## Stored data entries
*** Block opens ***

lemma cokernel_Zer_factor_cover:
  assumes h: "is_cokernel C h c"
    and d: "d \<in> Ar C" "Cod C d = Cod C h" "c \<cdot> d = Zer C (Dom C d) (Cod C c)"
  obtains s z where "is_epi C s" "Cod C s = Dom C d" "z \<in> Hom C (Dom C s) (Dom C h)" "d \<cdot> s = h \<cdot> z"
proof -
  note H = cokernelD[OF h]
  obtain k where k: "is_kernel C c k"
    using kernel_exists[OF H(2)] by (elim exE)
  note K = kernelD[OF k]
  have "Cod C h = Dom C c" "Cod C d = Dom C c"
    using H d by simp_all
  obtain e where e: "e \<in> Hom C (Dom C h) (Dom C k)" and keh: "k \<cdot> e = h"
    by (rule kernel_lift[OF k H(1) \<open>Cod C h = Dom C c\<close> H(4)])
  obtain d' where d': "d' \<in> Hom C (Dom C d) (Dom C k)" and kd: "k \<cdot> d' = d"
    by (rule kernel_lift[OF k d(1) \<open>Cod C d = Dom C c\<close> d(3)])
  have "d' \<in> Ar C" "Cod C d' = Cod C e"
    using d' e by simp_all
  then obtain s z where s: "is_epi C s" "Cod C s = Dom C d'" "z \<in> Hom C (Dom C s) (Dom C e)"
    and ez: "e \<cdot> z = d' \<cdot> s"
    by (rule epi_pullback_cover[OF kernel_of_cokernel_factor_epi[OF h k e keh]])
  have "d \<cdot> s = k \<cdot> d' \<cdot> s"
    by (rule comp_reassoc[OF kd, symmetric]) (use d' s epi_arr[OF s(1)] K in simp_all)
  also have "\<dots> = k \<cdot> e \<cdot> z"
    by (simp only: ez)
  also have "\<dots> = h \<cdot> z"
    by (rule comp_reassoc[OF keh]) (use e s epi_arr[OF s(1)] K in simp_all)
  finally have "d \<cdot> s = h \<cdot> z" .
  then show ?thesis
    using that[OF s(1)] s(2,3) d' e by simp
qed

lemma epi_pair_cover:
  assumes e1: "is_epi C e1" and e2: "is_epi C e2"
    and p1: "p1 \<in> Hom C w (Cod C e1)" and p2: "p2 \<in> Hom C w (Cod C e2)"
  obtains s a b where "is_epi C s" "Cod C s = w"
    "a \<in> Hom C (Dom C s) (Dom C e1)" "b \<in> Hom C (Dom C s) (Dom C e2)"
    "e1 \<cdot> a = p1 \<cdot> s" "e2 \<cdot> b = p2 \<cdot> s"
proof -
  have "p1 \<in> Ar C" "Cod C p1 = Cod C e1"
    using p1 by simp_all
  then obtain s1 a where s1: "is_epi C s1" "Cod C s1 = Dom C p1"
    and a: "a \<in> Hom C (Dom C s1) (Dom C e1)" and e1a: "e1 \<cdot> a = p1 \<cdot> s1"
    by (rule epi_pullback_cover[OF e1])
  note s1_arr = epi_arr[OF s1(1)]
  have "p2 \<cdot> s1 \<in> Ar C" "Cod C (p2 \<cdot> s1) = Cod C e2"
    using p1 p2 s1 s1_arr by simp_all
  then obtain s2 b where s2: "is_epi C s2" "Cod C s2 = Dom C (p2 \<cdot> s1)"
    and b: "b \<in> Hom C (Dom C s2) (Dom C e2)" and e2b: "e2 \<cdot> b = (p2 \<cdot> s1) \<cdot> s2"
    by (rule epi_pullback_cover[OF e2])
  note s2_arr = epi_arr[OF s2(1)]
  have "is_epi C (s1 \<cdot> s2)"
    using epi_comp[OF s1(1) s2(1)] p1 p2 s1 s1_arr s2 by simp
  moreover have "e1 \<cdot> a \<cdot> s2 = p1 \<cdot> s1 \<cdot> s2"
    using comp_reassoc[OF e1a, of s2] p1 p2 a s1 s1_arr s2 s2_arr epi_arr[OF e1] by simp
  moreover have "e2 \<cdot> b = p2 \<cdot> s1 \<cdot> s2"
    using e2b p1 p2 s1 s1_arr s2 s2_arr by simp
  ultimately show ?thesis
    using that[of "s1 \<cdot> s2" "a \<cdot> s2" b] p1 p2 a b s1 s1_arr s2 s2_arr by simp
qed
text \<open>Since every \<open>A\<^sub>n\<close> is invertible, a solution of the block recurrence is determined by its
  first block, and \<open>P\<close> is the fundamental solution.\<close>
lemma pentadiagonal_eigenseq_eq_P:
  assumes P: "matrix_orth_polys a b c P" and a_pos: "\<And>n. a n > 0"
    and s: "pentadiagonal_eigenseq a b c x s"
  shows "s (2 * n + block_offset i) = P n x $ i $ 1 * s 0 + P n x $ i $ 2 * s 1"
proof -
  let ?S = "block_vec s"
  have step: "?S (Suc n) = P (Suc n) x *v ?S 0"
    if IH0: "?S n = P n x *v ?S 0" and IH1: "n \<ge> 1 \<Longrightarrow> ?S (n - 1) = P (n - 1) x *v ?S 0" for n
  proof (rule Amat_mult_vec_inj[OF a_pos])
    have "Amat a b n *v ?S (Suc n) = complex_of_real x *s ?S n - Bmat b c n *v ?S n
        - (if n = 0 then 0 else adj2 (Amat a b (n - 1)) *v ?S (n - 1))"
      using pentadiagonal_eigenseq_block_rec[OF s, of n] by (simp add: algebra_simps)
    also have "\<dots> = (x *\<^sub>R P n x - Bmat b c n ** P n x
        - (if n = 0 then 0 else adj2 (Amat a b (n - 1)) ** P (n - 1) x)) *v ?S 0"
      using IH0 IH1 by (simp add: matrix_vector_mult_diff_rdistrib scaleR_matrix_vector_mult2 matrix_vector_mul_assoc)
    also have "\<dots> = Amat a b n *v (P (Suc n) x *v ?S 0)"
      by (simp add: matrix_orth_polys_rec[OF P] matrix_vector_mul_assoc)
    finally show "Amat a b n *v ?S (Suc n) = Amat a b n *v (P (Suc n) x *v ?S 0)" .
  qed
  have "?S n = P n x *v ?S 0 \<and> ?S (Suc n) = P (Suc n) x *v ?S 0"
  proof (induction n)
    case 0
    have "?S 0 = P 0 x *v ?S 0" using P by (simp add: matrix_orth_polys_def)
    then show ?case using step[of 0] by simp
  next
    case (Suc n)
    then show ?case using step[of "Suc n"] by simp
  qed
  moreover have "i = 1 \<or> i = 2" using exhaust_2 by auto
  ultimately show ?thesis by (auto simp: cvec2_eq_iff)
qed

lemma measurable_vec_nth [measurable (raw)]:
  "f \<in> borel_measurable M \<Longrightarrow> (\<lambda>x. f x $ i) \<in> borel_measurable M"
  by (rule borel_measurable_continuous_on[where f="\<lambda>v. v $ i"])
    (intro continuous_on_component continuous_on_id)

lemma measurable_cnj [measurable (raw)]:
  "f \<in> borel_measurable M \<Longrightarrow> (\<lambda>x. cnj (f x :: complex)) \<in> borel_measurable M"
  by (rule borel_measurable_continuous_on[where f=cnj]) (intro continuous_on_cnj continuous_on_id)

lemma matrix_orth_polys_Suc_eq:
  assumes P: "matrix_orth_polys a b c P" and a_pos: "\<And>n. a n > 0"
  shows "\<exists>L. \<forall>n x. P (Suc n) x = L n ** (x *\<^sub>R P n x - Bmat b c n ** P n x
           - (if n = 0 then 0 else adj2 (Amat a b (n - 1)) ** P (n - 1) x))"
proof -
  obtain L where L: "\<And>n. L n ** Amat a b n = mat 1"
    using Amat_left_invertible[of a b] a_pos by metis
  have "P (Suc n) x = (L n ** Amat a b n) ** P (Suc n) x" for n x
    by (simp add: L)
  then show ?thesis
    by (auto simp: matrix_mul_assoc matrix_orth_polys_rec[OF P] algebra_simps)
qed
lemma istopology_canon_open: "istopology canon_open"
  unfolding istopology_def
proof (intro conjI allI impI)
  show "canon_open (S \<inter> U)" if "canon_open S" "canon_open U" for S U
    using that by (rule canon_open_Int)
  show "canon_open (\<Union>\<U>)" if \<U>: "\<forall>U\<in>\<U>. canon_open U" for \<U>
    unfolding canon_open_def
  proof (intro conjI ballI)
    show "\<Union>\<U> \<subseteq> points" using \<U> by (simp add: canon_open_def Sup_le_iff)
    fix x assume "x \<in> \<Union>\<U>"
    then obtain U where "U \<in> \<U>" "x \<in> U" by blast
    with \<U> obtain \<psi> where "IntOp \<psi> \<in> mcs_of x" "basic x \<psi> \<subseteq> U"
      unfolding canon_open_def by blast
    with \<open>U \<in> \<U>\<close> show "\<exists>\<psi>. IntOp \<psi> \<in> mcs_of x \<and> basic x \<psi> \<subseteq> \<Union>\<U>" by blast
  qed
qed

lemma openin_canon_top: "openin canon_top = canon_open"
  using istopology_canon_open by (simp add: canon_top_def)

lemma canon_open_points: "canon_open points"
  unfolding canon_open_def basic_def using mcs_IntOp_verum[OF mcs_mcs_of] by blast

lemma topspace_canon_top: "topspace canon_top = points"
  using canon_open_points by (auto simp: topspace_def openin_canon_top canon_open_def)

lemma canon_open_K_cell: "canon_open (K_cell x i)"
  unfolding canon_open_def
proof (intro conjI ballI)
  fix y assume y: "y \<in> K_cell x i"
  then have "basic y verum \<subseteq> K_cell x i"
    unfolding basic_def K_cell_def K_equiv_def by blast
  then show "\<exists>\<psi>. IntOp \<psi> \<in> mcs_of y \<and> basic y \<psi> \<subseteq> K_cell x i"
    using y mcs_IntOp_verum[OF mcs_mcs_of] by (auto simp: K_cell_def)
qed (auto simp: K_cell_def)

lemma canon_open_hat_IntOp: "canon_open (hat (IntOp \<phi>))"
  unfolding canon_open_def using hat_subset_points by (auto simp: hat_def basic_def)

lemma mcs_of_K_iff:
  assumes x: "x \<in> points"
  shows "K i \<phi> \<in> mcs_of x \<longleftrightarrow> (\<forall>y\<in>K_cell x i. \<phi> \<in> mcs_of y)"
proof
  show "\<forall>y\<in>K_cell x i. \<phi> \<in> mcs_of y" if "K i \<phi> \<in> mcs_of x"
    using that mcs_K_T[OF mcs_mcs_of] by (auto simp: K_cell_def K_equiv_def)
  show "K i \<phi> \<in> mcs_of x" if all: "\<forall>y\<in>K_cell x i. \<phi> \<in> mcs_of y"
  proof (rule ccontr)
    assume "K i \<phi> \<notin> mcs_of x"
    then obtain H where "mcs H" "\<And>\<gamma>. K i \<gamma> \<in> mcs_of x \<longleftrightarrow> K i \<gamma> \<in> H" "\<phi> \<notin> H"
      using mcs_K_witness[OF mcs_mcs_of[OF x]] by blast
    then show False
      using all f_in_points[of H] by (auto simp: K_cell_def K_equiv_def)
  qed
qed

*** Block closes ***

## What you should do
Return exactly the lines above from the line that has "b s1 s1_arr s2 s2_arr by simp" through the line that has "lemma measurable_cnj [measurable", inclusive, and nothing else.

## Result of the exercise
    using that[of "s1 \<cdot> s2" "a \<cdot> s2" b] p1 p2 a b s1 s1_arr s2 s2_arr by simp
qed
text \<open>Since every \<open>A\<^sub>n\<close> is invertible, a solution of the block recurrence is determined by its
  first block, and \<open>P\<close> is the fundamental solution.\<close>
lemma pentadiagonal_eigenseq_eq_P:
  assumes P: "matrix_orth_polys a b c P" and a_pos: "\<And>n. a n > 0"
    and s: "pentadiagonal_eigenseq a b c x s"
  shows "s (2 * n + block_offset i) = P n x $ i $ 1 * s 0 + P n x $ i $ 2 * s 1"
proof -
  let ?S = "block_vec s"
  have step: "?S (Suc n) = P (Suc n) x *v ?S 0"
    if IH0: "?S n = P n x *v ?S 0" and IH1: "n \<ge> 1 \<Longrightarrow> ?S (n - 1) = P (n - 1) x *v ?S 0" for n
  proof (rule Amat_mult_vec_inj[OF a_pos])
    have "Amat a b n *v ?S (Suc n) = complex_of_real x *s ?S n - Bmat b c n *v ?S n
        - (if n = 0 then 0 else adj2 (Amat a b (n - 1)) *v ?S (n - 1))"
      using pentadiagonal_eigenseq_block_rec[OF s, of n] by (simp add: algebra_simps)
    also have "\<dots> = (x *\<^sub>R P n x - Bmat b c n ** P n x
        - (if n = 0 then 0 else adj2 (Amat a b (n - 1)) ** P (n - 1) x)) *v ?S 0"
      using IH0 IH1 by (simp add: matrix_vector_mult_diff_rdistrib scaleR_matrix_vector_mult2 matrix_vector_mul_assoc)
    also have "\<dots> = Amat a b n *v (P (Suc n) x *v ?S 0)"
      by (simp add: matrix_orth_polys_rec[OF P] matrix_vector_mul_assoc)
    finally show "Amat a b n *v ?S (Suc n) = Amat a b n *v (P (Suc n) x *v ?S 0)" .
  qed
  have "?S n = P n x *v ?S 0 \<and> ?S (Suc n) = P (Suc n) x *v ?S 0"
  proof (induction n)
    case 0
    have "?S 0 = P 0 x *v ?S 0" using P by (simp add: matrix_orth_polys_def)
    then show ?case using step[of 0] by simp
  next
    case (Suc n)
    then show ?case using step[of "Suc n"] by simp
  qed
  moreover have "i = 1 \<or> i = 2" using exhaust_2 by auto
  ultimately show ?thesis by (auto simp: cvec2_eq_iff)
qed

lemma measurable_vec_nth [measurable (raw)]:
  "f \<in> borel_measurable M \<Longrightarrow> (\<lambda>x. f x $ i) \<in> borel_measurable M"
  by (rule borel_measurable_continuous_on[where f="\<lambda>v. v $ i"])
    (intro continuous_on_component continuous_on_id)

lemma measurable_cnj [measurable (raw)]:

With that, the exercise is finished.